Ian Malin

Can we do it again?

During this summer of catastrophic floods, a good news story washed up on one or two newspaper sports desks.

issue 08 September 2007

During this summer of catastrophic floods, a good news story washed up on one or two newspaper sports desks. Ben Kay and Martin Corry, two of England’s most experienced forwards who had been preparing for the Rugby World Cup at the appropriately named city of Bath, drove home through Gloucestershire when they encountered drivers in trouble on roads that had turned to inland waterways. Our heroes waded in to help rescue the drivers, winning the admiration of locals in one of the heartlands of the English game.

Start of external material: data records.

(* With the setup in the context, assume $Q>2m$ and $Q\ge1$. Choose $N$ so that $v_1:=v\in N$ and every non-fixed vertex $x$ with $\mathrm{dist}(v_1,x)<\mathrm{dist}(v_1',x)$ lies in $N$ (vertices with $\mathrm{dist}(v_1,x)=\mathrm{dist}(v_1',x)$ may be placed arbitrarily). Label $N=\{v_1,\dots,v_k\}$ and define $y\in\mathbb{R}^k$ by $$y_i=\begin{cases}Q^{-\mathrm{dist}(v_1,v_i)} & \text{if } \mathrm{dist}(v_1,v_i)<\mathrm{dist}(v_1',v_i),\\ 0 & \text{if } \mathrm{dist}(v_1,v_i)=\mathrm{dist}(v_1',v_i).\end{cases}$$ Then the second largest eigenvalue $\lambda_2$ of $H$ satisfies $$\lambda_2\ \ge\ Q-\frac{1+\sum_{i\ne 1}\big(\deg_{N\cup\sigma N}(v_i)-1\big)y_i^2}{\sum_i y_i^2}.$$
   Context: $G$ is a finite, simple, connected graph with vertex set $V$, maximum degree $m$, and an involution $\sigma$ (a bijection $V\to V$ with $\sigma\circ\sigma=\mathrm{id}$ such that $x\sim y$ implies $\sigma(x)\sim\sigma(y)$); write $x'=\sigma(x)$. Fix $v\in V$ with $v'\ne v$, and let $H=A_G+D_Q$ (adjacency matrix plus diagonal potential) with potential $Q$ at $v$ and $v'$ and $0$ elsewhere. $S=\{x: x'=x\}$ is the set of fixed vertices, $N$ is a set containing exactly one vertex from each pair $\{x,x'\}$ with $x\ne x'$, $|N|=k$, and $\sigma N=\{x':x\in N\}$. $\mathrm{dist}$ is graph distance and $\deg_{N\cup\sigma N}(v_i)$ is the number of neighbours of $v_i$ in $N\cup\sigma N$. The eigenvalues of $H$ are $\lambda_1\ge\lambda_2\ge\dots\ge\lambda_n$. *)

theory Defs
  imports "Jordan_Normal_Form.Char_Poly" "HOL-Library.Multiset"
begin

definition simple_graph :: "nat \<Rightarrow> (nat \<Rightarrow> nat \<Rightarrow> bool) \<Rightarrow> bool" where
  "simple_graph n E \<longleftrightarrow> (\<forall>x y. E x y \<longrightarrow> x < n \<and> y < n) \<and> (\<forall>x y. E x y \<longrightarrow> E y x) \<and> (\<forall>x. \<not> E x x)"

text \<open>A walk with vertex list xs (length of the walk = length xs - 1).\<close>
fun is_walk :: "(nat \<Rightarrow> nat \<Rightarrow> bool) \<Rightarrow> nat list \<Rightarrow> bool" where
  "is_walk E [] = False"
| "is_walk E [x] = True"
| "is_walk E (x # y # zs) = (E x y \<and> is_walk E (y # zs))"

definition connected_graph :: "nat \<Rightarrow> (nat \<Rightarrow> nat \<Rightarrow> bool) \<Rightarrow> bool" where
  "connected_graph n E \<longleftrightarrow> (\<forall>x<n. \<forall>y<n. \<exists>xs. is_walk E xs \<and> hd xs = x \<and> last xs = y)"

definition gdist :: "(nat \<Rightarrow> nat \<Rightarrow> bool) \<Rightarrow> nat \<Rightarrow> nat \<Rightarrow> nat" where
  "gdist E x y = (LEAST k. \<exists>xs. is_walk E xs \<and> hd xs = x \<and> last xs = y \<and> length xs = Suc k)"

definition degree_in :: "(nat \<Rightarrow> nat \<Rightarrow> bool) \<Rightarrow> nat set \<Rightarrow> nat \<Rightarrow> nat" where
  "degree_in E A x = card {u \<in> A. E x u}"

definition max_degree :: "nat \<Rightarrow> (nat \<Rightarrow> nat \<Rightarrow> bool) \<Rightarrow> nat" where
  "max_degree n E = Max ((\<lambda>x. degree_in E {0..<n} x) ` {0..<n})"

definition graph_involution :: "nat \<Rightarrow> (nat \<Rightarrow> nat \<Rightarrow> bool) \<Rightarrow> (nat \<Rightarrow> nat) \<Rightarrow> bool" where
  "graph_involution n E \<sigma> \<longleftrightarrow> (\<forall>x<n. \<sigma> x < n \<and> \<sigma> (\<sigma> x) = x) \<and> (\<forall>x y. E x y \<longrightarrow> E (\<sigma> x) (\<sigma> y))"

definition Hmat :: "nat \<Rightarrow> (nat \<Rightarrow> nat \<Rightarrow> bool) \<Rightarrow> (nat \<Rightarrow> nat) \<Rightarrow> nat \<Rightarrow> real \<Rightarrow> real mat" where
  "Hmat n E \<sigma> v Q = mat n n (\<lambda>(i, j). (if E i j then 1 else 0) + (if i = j \<and> (i = v \<or> i = \<sigma> v) then Q else 0))"

text \<open>Eigenvalues with multiplicity, listed in decreasing order: lambda_1 \<ge> lambda_2 \<ge> ...\<close>
definition eigenvalues_desc :: "real mat \<Rightarrow> real list" where
  "eigenvalues_desc A = rev (sorted_list_of_multiset (proots (char_poly A)))"

definition pair_selection :: "nat \<Rightarrow> (nat \<Rightarrow> nat) \<Rightarrow> nat set \<Rightarrow> bool" where
  "pair_selection n \<sigma> N \<longleftrightarrow> N \<subseteq> {x. x < n \<and> \<sigma> x \<noteq> x} \<and>
     (\<forall>x<n. \<sigma> x \<noteq> x \<longrightarrow> (x \<in> N \<longleftrightarrow> \<sigma> x \<notin> N))"

end

theory Submission
  imports Defs "Jordan_Normal_Form.Schur_Decomposition"
begin

text \<open>
  Extend \<open>y\<close> to a vector \<open>f\<close> on all vertices by \<open>f = y\<close> on \<open>N\<close>, \<open>f x' = - y x\<close> for
  \<open>x \<in> N\<close> and \<open>f = 0\<close> on fixed vertices. Since \<open>\<sigma>\<close> is an automorphism of \<open>H\<close>, \<open>f\<close> is
  \<open>\<sigma>\<close>-odd and \<open>|f|\<close> is \<open>\<sigma>\<close>-even, so the two are orthogonal and \<open>H\<close>-orthogonal; as \<open>H\<close>
  is entrywise nonnegative, the Rayleigh quotient of \<open>|f|\<close> is at least that of \<open>f\<close>, and by the
  min-max principle \<open>\<lambda>\<^sub>2\<close> is at least the Rayleigh quotient of \<open>f\<close>. To bound the latter, every
  \<open>i \<in> N - {v}\<close> with \<open>y i \<noteq> 0\<close> has a neighbour \<open>p \<in> N\<close> one step closer to \<open>v\<close>, so
  \<open>f p = Q * y i\<close>, while every other neighbour of \<open>i\<close> in \<open>N \<union> \<sigma> ` N\<close> has \<open>f \<ge> - y i\<close>;
  the only negative neighbour of \<open>v\<close> is \<open>v'\<close>, where \<open>f = -1\<close>.
\<close>

section \<open>Spectral theorem for real symmetric matrices\<close>

lemma conjugate_mult_mat_vec_of_real:
  fixes A :: "real mat" and z :: "complex vec"
  assumes A: "A \<in> carrier_mat n n" and z: "z \<in> carrier_vec n"
  shows "conjugate (of_real_hom.mat_hom A *\<^sub>v z) = of_real_hom.mat_hom A *\<^sub>v conjugate z"
proof (rule eq_vecI)
  fix i assume "i < dim_vec (of_real_hom.mat_hom A *\<^sub>v conjugate z)"
  hence i: "i < n" using A by simp
  let ?r = "row (of_real_hom.mat_hom A :: complex mat) i"
  have r: "?r \<in> carrier_vec n" using A by (intro carrier_vecI) simp
  have "conjugate ?r = ?r"
    using A i by (intro eq_vecI) auto
  hence "conjugate (?r \<bullet> z) = ?r \<bullet>c z"
    using conjugate_sprod_vec[OF r z] by simp
  with i A show "conjugate (of_real_hom.mat_hom A *\<^sub>v z) $ i = (of_real_hom.mat_hom A *\<^sub>v conjugate z) $ i"
    by simp
qed (use A in simp)

lemma eigenvalue_of_complexified_symmetric_is_real:
  fixes A :: "real mat"
  assumes A: "A \<in> carrier_mat n n" and sym: "transpose_mat A = A"
    and ev: "eigenvector (of_real_hom.mat_hom A) z a"
  shows "Im a = 0"
proof -
  let ?A = "of_real_hom.mat_hom A"
  have Ac: "?A \<in> carrier_mat n n" using A by simp
  have z: "z \<in> carrier_vec n" "z \<noteq> 0\<^sub>v n" and Az: "?A *\<^sub>v z = a \<cdot>\<^sub>v z"
    using ev Ac unfolding eigenvector_def by auto
  have sym': "transpose_mat ?A = ?A"
  proof (rule eq_matI)
    fix i j assume "i < dim_row ?A" "j < dim_col ?A"
    thus "transpose_mat ?A $$ (i, j) = ?A $$ (i, j)"
      using A arg_cong[OF sym, of "\<lambda>B. B $$ (i, j)"] by simp
  qed (use A in simp_all)
  have "(?A *\<^sub>v z) \<bullet>c z = z \<bullet> (?A *\<^sub>v conjugate z)"
    using transpose_vec_mult_scalar[OF Ac, where x = "conjugate z" and y = z] z
    unfolding sym' by simp
  also have "\<dots> = z \<bullet>c (?A *\<^sub>v z)"
    using conjugate_mult_mat_vec_of_real[OF A z(1)] by simp
  finally have "a * (z \<bullet>c z) = cnj a * (z \<bullet>c z)"
    using z(1) by (simp add: Az conjugate_smult_vec)
  moreover have "z \<bullet>c z \<noteq> 0" using z by simp
  ultimately have "cnj a = a" by simp
  from arg_cong[OF this, of Im] show ?thesis by simp
qed

lemma real_symmetric_mat_has_eigenvalue:
  fixes A :: "real mat"
  assumes A: "A \<in> carrier_mat n n" and sym: "transpose_mat A = A" and n: "n > 0"
  obtains e where "eigenvalue A e"
proof -
  let ?A = "of_real_hom.mat_hom A :: complex mat"
  have Ac: "?A \<in> carrier_mat n n" using A by simp
  obtain as where as: "char_poly ?A = (\<Prod>a\<leftarrow>as. [:- a, 1:])" "length as = n"
    using char_poly_factorized[OF Ac] by blast
  then obtain a where "a \<in> set as" using n by (cases as) auto
  hence "poly (char_poly ?A) a = 0" unfolding as(1) by (induction as) auto
  hence "eigenvalue ?A a" using eigenvalue_root_char_poly[OF Ac] by simp
  then obtain z where "eigenvector ?A z a" using find_eigenvector[OF Ac] by blast
  hence "Im a = 0" by (rule eigenvalue_of_complexified_symmetric_is_real[OF A sym])
  hence "complex_of_real (Re a) = a" by (simp add: complex_eq_iff)
  moreover have "poly (char_poly ?A) (complex_of_real (Re a)) = complex_of_real (poly (char_poly A) (Re a))"
    by (simp add: of_real_hom.char_poly_hom[OF A] of_real_hom.poly_map_poly)
  ultimately have "complex_of_real (poly (char_poly A) (Re a)) = poly (char_poly ?A) a" by simp
  also have "\<dots> = 0" by fact
  finally show thesis using that eigenvalue_root_char_poly[OF A] by simp
qed

lemma unit_eigenvector_exists:
  fixes A :: "real mat"
  assumes A: "A \<in> carrier_mat n n" and "eigenvalue A e"
  obtains u where "u \<in> carrier_vec n" "u \<bullet> u = 1" "A *\<^sub>v u = e \<cdot>\<^sub>v u"
proof -
  obtain w where "eigenvector A w e" using find_eigenvector[OF assms] by blast
  hence w: "w \<in> carrier_vec n" "w \<noteq> 0\<^sub>v n" "A *\<^sub>v w = e \<cdot>\<^sub>v w"
    using A unfolding eigenvector_def by auto
  have ww: "w \<bullet> w > 0" using conjugate_square_greater_0_vec[OF w(1)] w(2) by simp
  show thesis
  proof (rule that[of "(1 / sqrt (w \<bullet> w)) \<cdot>\<^sub>v w"])
    show "((1 / sqrt (w \<bullet> w)) \<cdot>\<^sub>v w) \<bullet> ((1 / sqrt (w \<bullet> w)) \<cdot>\<^sub>v w) = 1"
      using w(1) ww by simp
    show "A *\<^sub>v ((1 / sqrt (w \<bullet> w)) \<cdot>\<^sub>v w) = e \<cdot>\<^sub>v ((1 / sqrt (w \<bullet> w)) \<cdot>\<^sub>v w)"
      using w A by (simp add: mult_mat_vec smult_smult_assoc mult.commute)
  qed (use w in simp)
qed

lemma corthogonal_basis_with_first:
  fixes v :: "real vec"
  assumes v: "v \<in> carrier_vec n" "v \<noteq> 0\<^sub>v n"
  obtains ws where "set ws \<subseteq> carrier_vec n" "corthogonal ws" "length ws = n" "ws ! 0 = v"
proof -
  interpret cof_vec_space n "TYPE(real)" .
  have n: "n > 0" using v by (cases n) auto
  define b where "b = basis_completion v"
  define ws where "ws = gram_schmidt n b"
  from basis_completion[OF v, folded b_def]
  have b: "distinct b" "\<not> lin_dep (set b)" "set b \<subseteq> carrier_vec n" "hd b = v" "length b = n"
    by auto
  then obtain vs where bv: "b = v # vs" using n by (cases b) auto
  from gram_schmidt_result[OF b(3,1,2) refl, folded ws_def]
  have ws: "set ws \<subseteq> carrier_vec n" "corthogonal ws" "length ws = n"
    by (auto simp: b(5))
  moreover have "ws ! 0 = v"
    using gram_schmidt_hd[OF v(1), of vs, folded bv ws_def] ws(3) n by (cases ws) auto
  ultimately show thesis by (rule that)
qed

It was a selfless act in the middle of what has been a largely miserable summer of sport in these wet islands. Apart from the emergence of Formula 1 driver Lewis Hamilton and Padraig Harrington’s dramatic victory in the Open, there has been little to lift the spirits. In cricket, England’s 3–0 Test series victory over West Indies was a hollow one, the tourists being totally abject in the gloomy early summer weather while the series against India was marred by puerile behaviour from Michael Vaughan’s side. English Premiership football, mired in greed, reached new levels of crassness with the takeover of Manchester City by Thaksin Shinawatra, the former dictator of Thailand whose assets had been frozen in his homeland (but who, at least, had the vision to make the much-maligned Sven-Goran Eriksson manager). And in rugby union, England ‘warmed up’ for the World Cup by sending a second-string side to South Africa. The Springboks, who England meet in a key pool game in the World Cup in Paris on 14 September, promptly put 50 points past Brian Ashton’s callow side in two Tests, with the tourists succumbing to a stomach bug that undermined the coach’s plans for a couple of respectable displays.

Like those two yeoman Leicester forwards, the world champions, England, will be swimming against the tide after the sixth Rugby World Cup kicks off with a game between hosts France and Argentina at Paris’s Stade de France on 7 September.